§ **WORK TO COMPLETE**:
Whenever a line in the records below contains "longleftrightarrow", pick it out.

§ **PROVIDED RECORDS**:
--
lemma finite_walks_between_set: "finite (walks_between_set n E i w v)"
proof (rule finite_subset)
  show "walks_between_set n E i w v \<subseteq> {xs. set xs \<subseteq> {..<n} \<and> length xs = Suc i}"
    by (auto simp: walks_between_set_def is_walk_def)
qed (rule finite_lists_length_eq, simp)

lemma is_walk_snoc:
  assumes "ys \<noteq> []"
  shows "is_walk n E (ys @ [v]) \<longleftrightarrow> is_walk n E ys \<and> v < n \<and> E (last ys) v"
proof -
  obtain j where j: "length ys = Suc j" using assms by (cases ys) auto
  have "last ys = ys ! j" using j assms by (simp add: last_conv_nth)
  then have "(\<forall>l. Suc l < length (ys @ [v]) \<longrightarrow> E ((ys @ [v]) ! l) ((ys @ [v]) ! Suc l))
      \<longleftrightarrow> (\<forall>l. Suc l < length ys \<longrightarrow> E (ys ! l) (ys ! Suc l)) \<and> E (last ys) v"
    using j by (auto simp: nth_append less_Suc_eq all_conj_distrib imp_disjL)
  then show ?thesis using assms by (auto simp: is_walk_def)
qed

lemma is_walk_last_less: "is_walk n E xs \<Longrightarrow> last xs < n"
  unfolding is_walk_def using last_in_set by blast

lemma walks_between_0: "walks_between n E 0 w v = (if w < n \<and> v = w then 1 else 0)"
proof -
  have "walks_between_set n E 0 w v = (if w < n \<and> v = w then {[w]} else {})"
    by (auto simp: walks_between_set_def is_walk_def length_Suc_conv)
  then show ?thesis by (simp add: walks_between_eq_card)
qed

lemma walks_between_set_Suc:
  assumes "v < n"
  shows "walks_between_set n E (Suc i) w v
       = (\<lambda>ys. ys @ [v]) ` (\<Union>u\<in>{u\<in>{..<n}. E u v}. walks_between_set n E i w u)"
proof (intro equalityI subsetI)
  fix xs assume xs: "xs \<in> walks_between_set n E (Suc i) w v"
  then have ne: "butlast xs \<noteq> []" and xs_eq: "xs = butlast xs @ [v]"
    by (auto simp: walks_between_set_def is_walk_def butlast_conv_take
        dest: append_butlast_last_id)
  have "is_walk n E (butlast xs @ [v])" "hd (butlast xs @ [v]) = w"
    using xs by (simp_all add: walks_between_set_def flip: xs_eq)
  then have "is_walk n E (butlast xs) \<and> E (last (butlast xs)) v" "hd (butlast xs) = w"
    using is_walk_snoc[OF ne] ne by simp_all
  moreover have "last (butlast xs) < n"
    using calculation(1) is_walk_last_less by blast
  ultimately show "xs \<in> (\<lambda>ys. ys @ [v]) ` (\<Union>u\<in>{u\<in>{..<n}. E u v}. walks_between_set n E i w u)"
    using xs by (subst xs_eq) (auto simp: walks_between_set_def)
next
  fix xs assume "xs \<in> (\<lambda>ys. ys @ [v]) ` (\<Union>u\<in>{u\<in>{..<n}. E u v}. walks_between_set n E i w u)"
  then obtain ys u where ys: "ys \<in> walks_between_set n E i w u" "E u v" and xs: "xs = ys @ [v]"
    by auto
  have "ys \<noteq> []" using ys by (auto simp: walks_between_set_def is_walk_def)
  then show "xs \<in> walks_between_set n E (Suc i) w v"
    using ys assms is_walk_snoc[of ys n E v] by (auto simp: walks_between_set_def xs)
qed

lemma walks_between_Suc:
  assumes "v < n"
  shows "walks_between n E (Suc i) w v = (\<Sum>u<n. if E u v then walks_between n E i w u else 0)"
proof -
  have "walks_between n E (Suc i) w v
      = card (\<Union>u\<in>{u\<in>{..<n}. E u v}. walks_between_set n E i w u)"
    unfolding walks_between_eq_card walks_between_set_Suc[OF assms]
    by (rule card_image) (auto simp: inj_on_def)
  also have "\<dots> = (\<Sum>u\<in>{u\<in>{..<n}. E u v}. walks_between n E i w u)"
    unfolding walks_between_eq_card
    by (rule card_UN_disjoint)
      (auto simp: finite_walks_between_set[unfolded walks_between_set_def] walks_between_set_def)
  also have "\<dots> = (\<Sum>u<n. if E u v then walks_between n E i w u else 0)"
    by (rule sum.inter_filter) simp
  finally show ?thesis .
qed

lemma walks_from_eq_sum: "walks_from n E i w = (\<Sum>v<n. walks_between n E i w v)"
proof -
  have "{xs. is_walk n E xs \<and> length xs = Suc i \<and> hd xs = w}
      = (\<Union>v\<in>{..<n}. walks_between_set n E i w v)"
    by (auto simp: walks_between_set_def is_walk_last_less)
  then have "walks_from n E i w = card (\<Union>v\<in>{..<n}. walks_between_set n E i w v)"
    by (simp add: walks_from_def)
  also have "\<dots> = (\<Sum>v<n. walks_between n E i w v)"
    unfolding walks_between_eq_card
    by (rule card_UN_disjoint)
      (auto simp: finite_walks_between_set[unfolded walks_between_set_def] walks_between_set_def)
  finally show ?thesis .
qed

lemma walks_from_Suc:
  "walks_from n E (Suc i) w = (\<Sum>u<n. walks_between n E i w u * degree n E u)"
proof -
  have deg: "(\<Sum>v<n. if E u v then a else 0) = a * degree n E u" for u a :: nat
    by (simp add: sum.If_cases degree_def Int_def conj_commute)
  have "walks_from n E (Suc i) w = (\<Sum>v<n. \<Sum>u<n. if E u v then walks_between n E i w u else 0)"
    by (simp add: walks_from_eq_sum walks_between_Suc)
  also have "\<dots> = (\<Sum>u<n. walks_between n E i w u * degree n E u)"
    by (subst sum.swap) (simp add: deg)
  finally show ?thesis .
qed

lemma walks_between_Suc_le_walks_from:
  assumes "v < n"
  shows "walks_between n E (Suc i) w v \<le> walks_from n E i w"
  unfolding walks_between_Suc[OF assms] walks_from_eq_sum by (rule sum_mono) simp

lemma degree_pos: "v < n \<Longrightarrow> E u v \<Longrightarrow> 0 < degree n E u"
  unfolding degree_def by (subst card_gt_0_iff) auto

lemma rw_prob_nonneg: "0 \<le> rw_prob n E i w v"
  by (induction i arbitrary: v) (auto intro!: sum_nonneg)

lemma rw_prob_le_walks_between:
  assumes m: "0 < m" and deg: "\<And>u. u < n \<Longrightarrow> m \<le> real (degree n E u)" and "v < n"
  shows "rw_prob n E i w v \<le> real (walks_between n E i w v) / m ^ i"
  using \<open>v < n\<close>
proof (induction i arbitrary: v)
  case 0
  then show ?case by (simp add: walks_between_0)
next
  case (Suc i)
  have "rw_prob n E (Suc i) w v
      \<le> (\<Sum>u<n. real (walks_between n E i w u) / m ^ i * (if E u v then 1 / m else 0))"
    unfolding rw_prob.simps
  proof (intro sum_mono mult_mono)
    fix u assume "u \<in> {..<n}"
    then show "rw_prob n E i w u \<le> real (walks_between n E i w u) / m ^ i"
      and "(if E u v then 1 / real (degree n E u) else 0) \<le> (if E u v then 1 / m else 0)"
      using Suc.IH deg m by (auto intro: frac_le)
  qed (use m in \<open>auto simp: rw_prob_nonneg\<close>)
  also have "\<dots> = real (walks_between n E (Suc i) w v) / m ^ Suc i"
    unfolding walks_between_Suc[OF Suc.prems] of_nat_sum sum_divide_distrib by (intro sum.cong) auto
  finally show ?case .
qed

lemma rw_prob_ge_walks_between:
  assumes deg: "\<And>u. u < n \<Longrightarrow> real (degree n E u) \<le> M" and "v < n"
  shows "real (walks_between n E i w v) / M ^ i \<le> rw_prob n E i w v"
  using \<open>v < n\<close>
proof (induction i arbitrary: v)
  case 0
  then show ?case by (simp add: walks_between_0)
next
  case (Suc i)
  have "real (walks_between n E (Suc i) w v) / M ^ Suc i
      = (\<Sum>u<n. real (walks_between n E i w u) / M ^ i * (if E u v then 1 / M else 0))"
    unfolding walks_between_Suc[OF Suc.prems] of_nat_sum sum_divide_distrib by (intro sum.cong) auto
  also have "\<dots> \<le> rw_prob n E (Suc i) w v"
    unfolding rw_prob.simps
  proof (intro sum_mono)
    fix u assume u: "u \<in> {..<n}"
    show "real (walks_between n E i w u) / M ^ i * (if E u v then 1 / M else 0)
        \<le> rw_prob n E i w u * (if E u v then 1 / real (degree n E u) else 0)"
    proof (cases "E u v")
      case True
      then have "0 < real (degree n E u)" "real (degree n E u) \<le> M"
        using degree_pos[OF Suc.prems] deg u by auto
      then have "real (walks_between n E i w u) / M ^ i * (1 / M)
          \<le> rw_prob n E i w u * (1 / real (degree n E u))"
        using Suc.IH u by (intro mult_mono frac_le) (auto simp: rw_prob_nonneg)
      then show ?thesis using True by simp
    qed simp
  qed
  finally show ?case .
qed

lemma walks_from_0: "walks_from n E 0 w = (if w < n then 1 else 0)"
  by (simp add: walks_from_eq_sum walks_between_0)

lemma walks_from_le:
  assumes "0 \<le> M" and deg: "\<And>u. u < n \<Longrightarrow> real (degree n E u) \<le> M"
  shows "real (walks_from n E i w) \<le> M ^ i"
proof (induction i)
  case 0
  then show ?case by (simp add: walks_from_0)
next
  case (Suc i)
  have "real (walks_from n E (Suc i) w) \<le> (\<Sum>u<n. real (walks_between n E i w u) * M)"
    unfolding walks_from_Suc of_nat_sum of_nat_mult by (intro sum_mono mult_left_mono deg) auto
  also have "\<dots> = M * real (walks_from n E i w)"
    by (simp add: walks_from_eq_sum sum_distrib_left mult.commute)
  also have "\<dots> \<le> M ^ Suc i"
    using Suc.IH \<open>0 \<le> M\<close> by (simp add: mult_left_mono)
  finally show ?case .
qed

lemma walks_from_ge:
  assumes "0 \<le> m" and deg: "\<And>u. u < n \<Longrightarrow> m \<le> real (degree n E u)" and "w < n"
  shows "m ^ i \<le> real (walks_from n E i w)"
proof (induction i)
  case 0
  then show ?case by (simp add: walks_from_0 \<open>w < n\<close>)
next
  case (Suc i)
  have "m ^ Suc i \<le> m * real (walks_from n E i w)"
    using Suc.IH \<open>0 \<le> m\<close> by (simp add: mult_left_mono)
  also have "\<dots> = (\<Sum>u<n. real (walks_between n E i w u) * m)"
    by (simp add: walks_from_eq_sum sum_distrib_left mult.commute)
  also have "\<dots> \<le> real (walks_from n E (Suc i) w)"
    unfolding walks_from_Suc of_nat_sum of_nat_mult by (intro sum_mono mult_left_mono deg) auto
  finally show ?case .
qed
--
§ **EXERCISE RESULT**:
  shows "is_walk n E (ys @ [v]) \<longleftrightarrow> is_walk n E ys \<and> v < n \<and> E (last ys) v"
      \<longleftrightarrow> (\<forall>l. Suc l < length ys \<longrightarrow> E (ys ! l) (ys ! Suc l)) \<and> E (last ys) v"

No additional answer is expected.